- **HOW TO COMPLETE THIS TASK**
Your answer should be the lines below from the one holding "k = (\<Sum>j<k." through the one holding "by (induction k)", copied exactly and with nothing else.

- **EXTRACTED DATA**

'''

(* Let $I=[x_1,x_N]$ with partition $x_1<\dots<x_N$ and affine maps $u_i(x)=a_ix+b_i$ with $u_i(x_1)=x_i$, $u_i(x_N)=x_{i+1}$ ($i\in\mathbb{N}_{N-1}$). Let $f,g\in C(I)$ with $f\ge g$ on $I$ and let $\{q_n\}$ be a sequence in $(0,1]$ with $\lim q_n=1$. Set $\phi(f-g,i)=\min_{x\in I}(f-g)(u_i(x))$, $\Phi_n(f)=\max_{x\in I}M_{n,q_n}f(x)$, $\phi(g)=\min_{x\in I}g(x)$. Suppose the continuous scaling functions satisfy (1) $\|\alpha\|_\infty<1$ and (2) for all $n\in\mathbb{N}$, $i\in\mathbb{N}_{N-1}$, $x\in I$: \[ 0\le\alpha_i(x)\le\min\left\{\frac{\phi(f-g,i)}{\Phi_n(f)-\phi(g)},1\right\}. \] Then the quantum MKZ-fractal functions satisfy $f^{(q_n,\alpha)}_n\ge g$ on $I$ for every $n\in\mathbb{N}$, and $f^{(q_n,\alpha)}_n\to f$ uniformly on $I$.
   Context: For $q\in(0,1]$: $[k]_q=\frac{1-q^k}{1-q}$ ($q\ne1$), $[k]_1=k$, $q$-factorials, $\binom{n}{k}_q=\frac{[n]_q!}{[k]_q![n-k]_q!}$. Quantum MKZ operator: $M_{n,q}h(x)=P_{n,q}(x)\sum_{k\ge0}\binom{n+k}{k}_q\left(\frac{x-x_1}{x_N-x_1}\right)^k h\!\left(x_1+(x_N-x_1)\frac{[k]_q}{[k+n]_q}\right)$ for $x_1\le x<x_N$, $M_{n,q}h(x_N)=h(x_N)$, $P_{n,q}(x)=\prod_{j=0}^n(x_N-x_1-q^j(x-x_1))/(x_N-x_1)^{n+1}$. $\|\alpha\|_\infty=\max_i\|\alpha_i\|_\infty$. The quantum MKZ-fractal function $h^{(q,\alpha)}_n$ of $h\in C(I)$ is the unique $G\in C(I)$ with $G(u_i(x))=h(u_i(x))+\alpha_i(x)(G(x)-M_{n,q}h(x))$ for all $x\in I$, $i\in\mathbb{N}_{N-1}$. *)

theory Defs
  imports "HOL-Analysis.Analysis"
begin

definition qint :: "real \<Rightarrow> nat \<Rightarrow> real" where
  "qint q k = (if q = 1 then real k else (1 - q ^ k) / (1 - q))"

definition qfact :: "real \<Rightarrow> nat \<Rightarrow> real" where
  "qfact q n = (\<Prod>k\<in>{1..n}. qint q k)"

definition qbinom :: "real \<Rightarrow> nat \<Rightarrow> nat \<Rightarrow> real" where
  "qbinom q n k = qfact q n / (qfact q k * qfact q (n - k))"

definition mkzP :: "real \<Rightarrow> real \<Rightarrow> nat \<Rightarrow> real \<Rightarrow> real \<Rightarrow> real" where
  "mkzP x1 xN n q x =
     (\<Prod>j\<in>{0..n}. (xN - x1 - q ^ j * (x - x1))) / (xN - x1) ^ (n + 1)"

definition mkz :: "real \<Rightarrow> real \<Rightarrow> nat \<Rightarrow> real \<Rightarrow> (real \<Rightarrow> real) \<Rightarrow> real \<Rightarrow> real" where
  "mkz x1 xN n q h x =
     (if x = xN then h xN
      else mkzP x1 xN n q x *
        (\<Sum>k. qbinom q (n + k) k * ((x - x1) / (xN - x1)) ^ k *
               h (x1 + (xN - x1) * (qint q k / qint q (k + n)))))"

definition mkz_fractal ::
  "real \<Rightarrow> real \<Rightarrow> nat \<Rightarrow> (nat \<Rightarrow> real \<Rightarrow> real) \<Rightarrow> (nat \<Rightarrow> real \<Rightarrow> real)
    \<Rightarrow> nat \<Rightarrow> real \<Rightarrow> (real \<Rightarrow> real) \<Rightarrow> real \<Rightarrow> real" where
  "mkz_fractal x1 xN N u \<alpha> n q h =
     (THE G. continuous_on {x1..xN} G \<and> (\<forall>y. y \<notin> {x1..xN} \<longrightarrow> G y = 0) \<and>
        (\<forall>i\<in>{1..N-1}. \<forall>y\<in>{x1..xN}.
            G (u i y) = h (u i y) + \<alpha> i y * (G y - mkz x1 xN n q h y)))"

end

theory Submission
  imports Defs
begin

text \<open>On [0,1] the operator M_{n,q} averages h over the nodes [k]_q / [k+n]_q with positive
  weights which, by the q-binomial theorem, sum to 1, have mean t and variance at most
  t / [n]_q. A Korovkin-type estimate therefore gives M_{n,q_n} f \<longrightarrow> f uniformly, because
  [n]_{q_n} \<longrightarrow> \<infinity> when q_n \<longrightarrow> 1.

  The fractal function G is the fixed point of the Read-Bajraktarevic contraction. Every
  extremum of a continuous function on I is attained at a point u_i(y), where the
  self-referential equation can be evaluated. At a maximum of |G - f| this gives
  sup |G - f| \<le> s / (1 - s) sup |f - M f| with s = \<parallel>\<alpha>\<parallel>, hence the uniform convergence; at a
  minimum m of G - g the scaling condition gives m \<ge> \<alpha>_i(y) m with \<alpha>_i(y) < 1, hence G \<ge> g.\<close>

section \<open>q-integers and the q-binomial series\<close>

lemma qint_eq_sum: "qint q k = (\<Sum>j<k. q ^ j)"
  by (simp add: qint_def sum_gp_strict)

lemma qint_0 [simp]: "qint q 0 = 0"
  by (simp add: qint_eq_sum)

lemma qint_add: "qint q (m + k) = qint q m + q ^ m * qint q k"
  by (induction k) (auto simp: qint_eq_sum algebra_simps power_add)

lemma qint_nonneg: "0 \<le> q \<Longrightarrow> 0 \<le> qint q k"
  by (simp add: qint_eq_sum sum_nonneg)

lemma qint_pos: "0 \<le> q \<Longrightarrow> 0 < k \<Longrightarrow> 0 < qint q k"
  using qint_add[of q 1 "k - 1"] qint_nonneg[of q "k - 1"] by (simp add: qint_eq_sum add_pos_nonneg)

lemma qint_mono: "0 \<le> q \<Longrightarrow> j \<le> k \<Longrightarrow> qint q j \<le> qint q k"
  unfolding qint_eq_sum by (rule sum_mono2) auto

lemma qfact_Suc: "qfact q (Suc m) = qfact q m * qint q (Suc m)"
  by (simp add: qfact_def)

lemma qfact_0 [simp]: "qfact q 0 = 1"
  by (simp add: qfact_def)

lemma qfact_pos: "0 \<le> q \<Longrightarrow> 0 < qfact q m"
  unfolding qfact_def by (rule prod_pos) (auto intro: qint_pos)

definition mkz_coeff :: "real \<Rightarrow> nat \<Rightarrow> nat \<Rightarrow> real" where
  "mkz_coeff q n k = qbinom q (n + k) k"

lemma mkz_coeff_eq: "mkz_coeff q n k = qfact q (n + k) / (qfact q k * qfact q n)"
  by (simp add: mkz_coeff_def qbinom_def)

lemma mkz_coeff_pos: "0 \<le> q \<Longrightarrow> 0 < mkz_coeff q n k"
  by (simp add: mkz_coeff_eq qfact_pos)

lemma mkz_coeff_0 [simp]: "0 \<le> q \<Longrightarrow> mkz_coeff q n 0 = 1"
  using qfact_pos[of q n] by (simp add: mkz_coeff_eq)

lemma mkz_coeff_0_left [simp]: "0 \<le> q \<Longrightarrow> mkz_coeff q 0 k = 1"
  using qfact_pos[of q k] by (simp add: mkz_coeff_eq)

lemma mkz_coeff_Suc_Suc:
  assumes "0 \<le> q"
  shows "mkz_coeff q (Suc n) (Suc k) = q ^ Suc n * mkz_coeff q (Suc n) k + mkz_coeff q n (Suc k)"
proof -
  define X where "X = qfact q (Suc n + k)"
  have "0 < X"
    using assms qfact_pos by (simp add: X_def)
  have "qfact q (Suc n + Suc k) = X * (qint q (Suc n) + q ^ Suc n * qint q (Suc k))"
    using qfact_Suc[of q "Suc n + k"] qint_add[of q "Suc n" "Suc k"] by (simp add: X_def)
  moreover have "qfact q (n + Suc k) = X"
    by (simp add: X_def)
  ultimately show ?thesis
    using \<open>0 < X\<close> assms qfact_pos[of q k] qfact_pos[of q n] qint_pos[of q "Suc k"] qint_pos[of q "Suc n"]
    unfolding mkz_coeff_eq qfact_Suc[of q k] qfact_Suc[of q n] X_def[symmetric]
    by (simp add: field_simps)
qed

lemma mkz_coeff_Suc_shift:
  assumes "0 \<le> q"
  shows "mkz_coeff q n (Suc k) * qint q (Suc k) / qint q (Suc k + n) = mkz_coeff q n k"
  using assms qfact_pos[of q] qint_pos[of q "Suc k"] qint_pos[of q "Suc (n + k)"]
  by (simp add: mkz_coeff_eq qfact_Suc field_simps)

definition qpochhammer :: "real \<Rightarrow> nat \<Rightarrow> real \<Rightarrow> real" where
  "qpochhammer q n t = (\<Prod>j\<in>{0..n}. 1 - q ^ j * t)"

lemma qpochhammer_Suc: "qpochhammer q (Suc n) t = qpochhammer q n t * (1 - q ^ Suc n * t)"
  by (simp add: qpochhammer_def prod.atLeast0_atMost_Suc)

lemma qpower_times_less_one:
  fixes q t :: real
  assumes "0 \<le> q" "q \<le> 1" "0 \<le> t" "t < 1"
  shows "0 \<le> q ^ j * t" "q ^ j * t < 1"
  using assms mult_left_le_one_le[of t "q ^ j"] power_le_one[of q j] by auto

lemma qpochhammer_pos: "0 \<le> q \<Longrightarrow> q \<le> 1 \<Longrightarrow> 0 \<le> t \<Longrightarrow> t < 1 \<Longrightarrow> 0 < qpochhammer q n t"
  unfolding qpochhammer_def using qpower_times_less_one by (intro prod_pos) auto

text \<open>The q-binomial theorem with negative exponent. Multiplying the series for n by the
  geometric series in q^(n+1) t gives the series for n + 1, by the Pascal-type recursion
  of the coefficients.\<close>
lemma mkz_coeff_sums:
  fixes q t :: real
  assumes q: "0 \<le> q" "q \<le> 1" and t: "0 \<le> t" "t < 1"
  shows "(\<lambda>k. mkz_coeff q n k * t ^ k) sums (1 / qpochhammer q n t)"
proof (induction n)
  case 0
  show ?case using geometric_sums[of t] t q by (simp add: qpochhammer_def)
next
  case (Suc n)
  define b where "b k = mkz_coeff q n k * t ^ k" for k
  define r where "r = q ^ Suc n * t"
  have r: "0 \<le> r" "r < 1"
    unfolding r_def by (fact qpower_times_less_one[OF q t])+
  have conv: "mkz_coeff q (Suc n) k * t ^ k = (\<Sum>i\<le>k. b i * r ^ (k - i))" for k
  proof (induction k)
    case (Suc k)
    have "(\<Sum>i\<le>Suc k. b i * r ^ (Suc k - i)) = r * (\<Sum>i\<le>k. b i * r ^ (k - i)) + b (Suc k)"
      by (simp add: sum_distrib_left Suc_diff_le mult_ac)
    then show ?case
      using Suc.IH q by (simp add: mkz_coeff_Suc_Suc b_def r_def algebra_simps)
  qed (use q in \<open>simp add: b_def\<close>)
  have "(\<lambda>k. \<Sum>i\<le>k. b i * r ^ (k - i)) sums ((\<Sum>k. b k) * (\<Sum>k. r ^ k))"
  proof (rule Cauchy_product_sums)
    show "summable (\<lambda>k. norm (b k))"
      using Suc.IH q t mkz_coeff_pos[of q n] by (simp add: b_def sums_summable abs_mult abs_of_pos)
    show "summable (\<lambda>k. norm (r ^ k))"
      using r by (simp add: summable_geometric)
  qed
  moreover have "(\<Sum>k. b k) = 1 / qpochhammer q n t"
    using Suc.IH by (simp add: b_def sums_iff)
  moreover have "(\<Sum>k. r ^ k) = 1 / (1 - r)"
    using r suminf_geometric[of r] by simp
  ultimately have "(\<lambda>k. mkz_coeff q (Suc n) k * t ^ k) sums (1 / qpochhammer q n t * (1 / (1 - r)))"
    by (simp only: conv)
  then show ?case
    by (simp add: qpochhammer_Suc r_def)
qed

section \<open>Moments of the MKZ weights\<close>

definition mkz_weight :: "real \<Rightarrow> nat \<Rightarrow> real \<Rightarrow> nat \<Rightarrow> real" where
  "mkz_weight q n t k = qpochhammer q n t * mkz_coeff q n k * t ^ k"

definition mkz_node :: "real \<Rightarrow> nat \<Rightarrow> nat \<Rightarrow> real" where
  "mkz_node q n k = qint q k / qint q (k + n)"

lemma mkz_node_0 [simp]: "mkz_node q n 0 = 0"
  by (simp add: mkz_node_def)

lemma mkz_node_bounds: "0 \<le> q \<Longrightarrow> mkz_node q n k \<in> {0..1}"
  using qint_nonneg[of q k] qint_nonneg[of q "k + n"] qint_mono[of q k "k + n"]
  by (auto simp: mkz_node_def divide_le_eq_1)

lemma mkz_node_Suc_le:
  assumes q: "0 \<le> q" and n: "1 \<le> n"
  shows "mkz_node q n (Suc k) \<le> 1 / qint q n + mkz_node q n k"
proof -
  define A B where "A = qint q k" and "B = qint q (k + n)"
  have A: "0 \<le> A" and B: "0 < B" and qn: "0 < qint q n"
    using qint_nonneg[OF q] qint_pos[OF q] n by (auto simp: A_def B_def)
  have num: "qint q (Suc k) = 1 + q * A" and den: "qint q (Suc k + n) = 1 + q * B"
    using qint_add[of q 1 k] qint_add[of q 1 "k + n"] by (simp_all add: A_def B_def qint_eq_sum)
  have "qint q n \<le> 1 + q * B"
    unfolding den[symmetric] by (rule qint_mono[OF q]) simp
  then have "1 / (1 + q * B) \<le> 1 / qint q n"
    using qn by (simp add: frac_le)
  moreover have "q * A / (1 + q * B) \<le> A / B"
  proof -
    have "q * A * B \<le> A * (1 + q * B)"
      using A by (simp add: algebra_simps)
    then show ?thesis
      using A B q by (simp add: divide_simps add_pos_nonneg)
  qed
  ultimately show ?thesis
    unfolding mkz_node_def num den A_def[symmetric] B_def[symmetric] add_divide_distrib by linarith
qed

'''

- **OUTPUT FOR THIS EXERCISE**
lemma qint_eq_sum: "qint q k = (\<Sum>j<k. q ^ j)"
  by (simp add: qint_def sum_gp_strict)

lemma qint_0 [simp]: "qint q 0 = 0"
  by (simp add: qint_eq_sum)

lemma qint_add: "qint q (m + k) = qint q m + q ^ m * qint q k"
  by (induction k) (auto simp: qint_eq_sum algebra_simps power_add)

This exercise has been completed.